The place demonstrates rare, uncommon or endangered aspects of Queensland's cultural heritage.

The development of the mining and mining infrastructure was on a scale rare in Queensland mining. It was also significant in Queensland that development was funded through an internationally accepted process of restructuring rather than through profits. In addition [at the Lawlor Shaft and Winding Plant] the two-cylinder steam winding engine manufactured by May Brothers, engineers of Gawler, South Australia, is a rare survivor and highlights the recycling of earlier Australian made equipment before specific heavy machinery was imported from England. The operational, pre-Second World War (English) General Electric turbine generator and alternator in the Mount Isa Mine Power Station is an extremely rare survivor of the former three units that comprised the initial power station to the mine.

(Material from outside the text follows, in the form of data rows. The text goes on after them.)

lemma shortest_walk_endpoints:
  assumes "is_walk s W xs" "hd xs \<in> A" "last xs \<in> B" "z \<in> set xs"
    and shortest: "\<And>ys. is_walk s W ys \<Longrightarrow> hd ys \<in> A \<Longrightarrow> last ys \<in> B \<Longrightarrow> length xs \<le> length ys"
  shows "z \<in> A \<Longrightarrow> z = hd xs" and "z \<in> B \<Longrightarrow> z = last xs"
proof -
  obtain as bs where xs: "xs = as @ z # bs" using split_list[OF \<open>z \<in> set xs\<close>] by blast
  show "z = hd xs" if "z \<in> A"
  proof -
    have "length xs \<le> length (z # bs)"
      using is_walk_split(1)[of s W as z bs] assms(1,3) xs that by (intro shortest) auto
    then show ?thesis using xs by simp
  qed
  show "z = last xs" if "z \<in> B"
  proof -
    have "hd (as @ [z]) = hd xs" using xs by (cases as) auto
    then have "length xs \<le> length (as @ [z])"
      using is_walk_split(2)[of s W as z bs] assms(1,2) xs that by (intro shortest) auto
    then show ?thesis using xs by simp
  qed
qed

lemma sign_changing_walk_weight_neg:
  assumes d: "\<And>i. d i = 1 \<or> d i = -1"
    and db: "\<And>i j. i \<in> W \<Longrightarrow> j \<in> W \<Longrightarrow> i \<noteq> j \<Longrightarrow> 0 \<le> d i * d j * s i j"
    and "is_walk s W xs" "0 < d (hd xs) * s u (hd xs)" "d (last xs) * s u (last xs) < 0"
  shows "s u (hd xs) * s u (last xs) * walk_weight s xs < 0"
proof -
  have "0 < d (hd xs) * d (last xs) * walk_weight s xs"
    by (rule balanced_walk_weight_pos[OF d db \<open>is_walk s W xs\<close>])
  with assms(4,5) have "(1 * d (hd xs) * s u (hd xs)) * (1 * d (last xs) * s u (last xs))
      * (d (hd xs) * d (last xs) * walk_weight s xs) < 0"
    by (simp add: mult_neg_pos mult_pos_neg)
  moreover have "(1 * d (hd xs) * s u (hd xs)) * (1 * d (last xs) * s u (last xs))
      * (d (hd xs) * d (last xs) * walk_weight s xs) = s u (hd xs) * s u (last xs) * walk_weight s xs"
    using d[of "hd xs"] d[of "last xs"] by (intro pm_one_mult_cancel) simp_all
  ultimately show ?thesis by (simp only:)
qed

lemma critical_negative_cycle_covers:
  assumes critical: "\<And>w. w \<in> V \<Longrightarrow> balanced s (V - {w})"
    and "u \<in> V" "is_walk s (V - {u}) xs" and neg: "s u (hd xs) * s u (last xs) * walk_weight s xs < 0"
  shows "V = insert u (set xs)"
proof -
  have "w \<in> insert u (set xs)" if "w \<in> V" for w
  proof (rule ccontr)
    assume w: "w \<notin> insert u (set xs)"
    obtain e where e: "\<And>i. e i = 1 \<or> e i = -1"
      and eb: "\<And>i j. i \<in> V - {w} \<Longrightarrow> j \<in> V - {w} \<Longrightarrow> i \<noteq> j \<Longrightarrow> 0 \<le> e i * e j * s i j"
      using balancedE[OF critical[OF \<open>w \<in> V\<close>]] by blast
    have "is_walk s (V - {w}) xs" "u \<notin> set xs" using assms(3) w by (auto simp: is_walk_def)
    then have "0 \<le> s u (hd xs) * s u (last xs) * walk_weight s xs"
      using w \<open>u \<in> V\<close> by (intro balanced_cycle_weight_nonneg[OF e eb]) auto
    with neg show False by simp
  qed
  moreover have "insert u (set xs) \<subseteq> V" using assms(2,3) by (auto simp: is_walk_def)
  ultimately show ?thesis by blast
qed

lemma critically_unbalanced_vertex:
  assumes sym: "\<And>i j. s i j = s j i" and "\<not> balanced s V"
    and critical: "\<And>w. w \<in> V \<Longrightarrow> balanced s (V - {w})" and "u \<in> V"
  obtains p q where "p \<in> V - {u}" "q \<in> V - {u}" "p \<noteq> q" "s p u \<noteq> 0" "s q u \<noteq> 0"
    and "\<And>x. x \<in> V - {u} \<Longrightarrow> x \<noteq> p \<Longrightarrow> x \<noteq> q \<Longrightarrow> s x u = 0"
    and "s p q = 0 \<or> (V = {u, p, q} \<and> s u p * s u q * s p q < 0)"
proof -
  text \<open>A shortest walk from a positive to a negative neighbour of u closes a negative cycle
    through u, which must be all of V.\<close>
  obtain d where d: "\<And>i. d i = 1 \<or> d i = -1"
    and db: "\<And>i j. i \<in> V - {u} \<Longrightarrow> j \<in> V - {u} \<Longrightarrow> i \<noteq> j \<Longrightarrow> 0 \<le> d i * d j * s i j"
    using balancedE[OF critical[OF \<open>u \<in> V\<close>]] by blast
  define A where "A = {x. 0 < d x * s x u}"
  define B where "B = {x. d x * s x u < 0}"
  define P where "P xs \<longleftrightarrow> is_walk s (V - {u}) xs \<and> hd xs \<in> A \<and> last xs \<in> B" for xs
  obtain xs0 where "P xs0"
    using unbalanced_imp_sign_changing_walk[OF sym d db \<open>\<not> balanced s V\<close>] by (auto simp: P_def A_def B_def)
  then obtain xs where "P xs" and shortest: "\<And>ys. P ys \<Longrightarrow> length xs \<le> length ys"
    using ex_has_least_nat[of P xs0 length] by blast
  define p q where "p = hd xs" and "q = last xs"
  have walk: "is_walk s (V - {u}) xs" and "p \<in> A" "q \<in> B"
    using \<open>P xs\<close> by (simp_all add: P_def p_def q_def)
  have "p \<in> set xs" "q \<in> set xs" using walk by (simp_all add: is_walk_def p_def q_def)
  then have "p \<in> V - {u}" "q \<in> V - {u}" using walk by (auto simp: is_walk_def)
  have "p \<noteq> q" "s p u \<noteq> 0" "s q u \<noteq> 0" using \<open>p \<in> A\<close> \<open>q \<in> B\<close> by (auto simp: A_def B_def)
  have neg: "s u p * s u q * walk_weight s xs < 0"
    using \<open>p \<in> A\<close> \<open>q \<in> B\<close> sym[of p u] sym[of q u] unfolding p_def q_def
    by (intro sign_changing_walk_weight_neg[OF d db walk]) (simp_all add: A_def B_def)
  have cover: "V = insert u (set xs)"
    by (rule critical_negative_cycle_covers[OF critical \<open>u \<in> V\<close> walk neg[unfolded p_def q_def]])
  have others: "s x u = 0" if "x \<in> V - {u}" "x \<noteq> p" "x \<noteq> q" for x
  proof (rule ccontr)
    assume "s x u \<noteq> 0"
    then have "x \<in> A \<or> x \<in> B" using d[of x] by (auto simp: A_def B_def)
    moreover have "x \<in> set xs" using cover that by auto
    ultimately show False
      using shortest_walk_endpoints[OF walk \<open>p \<in> A\<close>[unfolded p_def] \<open>q \<in> B\<close>[unfolded q_def]]
        shortest that
      by (auto simp: P_def p_def q_def)
  qed
  have "s p q = 0 \<or> (V = {u, p, q} \<and> s u p * s u q * s p q < 0)"
  proof (cases "s p q = 0")
    case False
    then have "P [p, q]"
      using \<open>p \<in> A\<close> \<open>q \<in> B\<close> \<open>p \<in> V - {u}\<close> \<open>q \<in> V - {u}\<close> \<open>p \<noteq> q\<close> by (simp add: P_def is_walk_def)
    then have "length xs \<le> 2" using shortest by fastforce
    then have "xs = [p, q]"
      using walk \<open>p \<noteq> q\<close> unfolding p_def q_def is_walk_def
      by (cases xs) (auto simp: le_Suc_eq length_Suc_conv)
    then show ?thesis using cover neg by auto
  qed simp
  with \<open>p \<in> V - {u}\<close> \<open>q \<in> V - {u}\<close> \<open>p \<noteq> q\<close> \<open>s p u \<noteq> 0\<close> \<open>s q u \<noteq> 0\<close> others
  show ?thesis by (rule that)
qed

The place has potential to yield information that will contribute to an understanding of Queensland's history.

The place has potential to reveal, through archaeological investigation, further information that may contribute to our knowledge of the early workings of the Mount Isa Mine.The Lawlor Shaft and Winding Plant demonstrates the continuity of mining history at Mount Isa and has the capacity to lend itself to interpretation of that history.

The place has a strong or special association with a particular community or cultural group for social, cultural or spiritual reasons.

The infrastructure has a symbolic association with the work of Mount Isa Mines, which has been important in the Queensland economy since the 1920s. The Urquhart Shaft and Headframe is the largest, most complex and most visible of the two surviving steel headframes at Mount Isa Mine. Silhouetted on the skyline it has been a community landmark for over sixty years.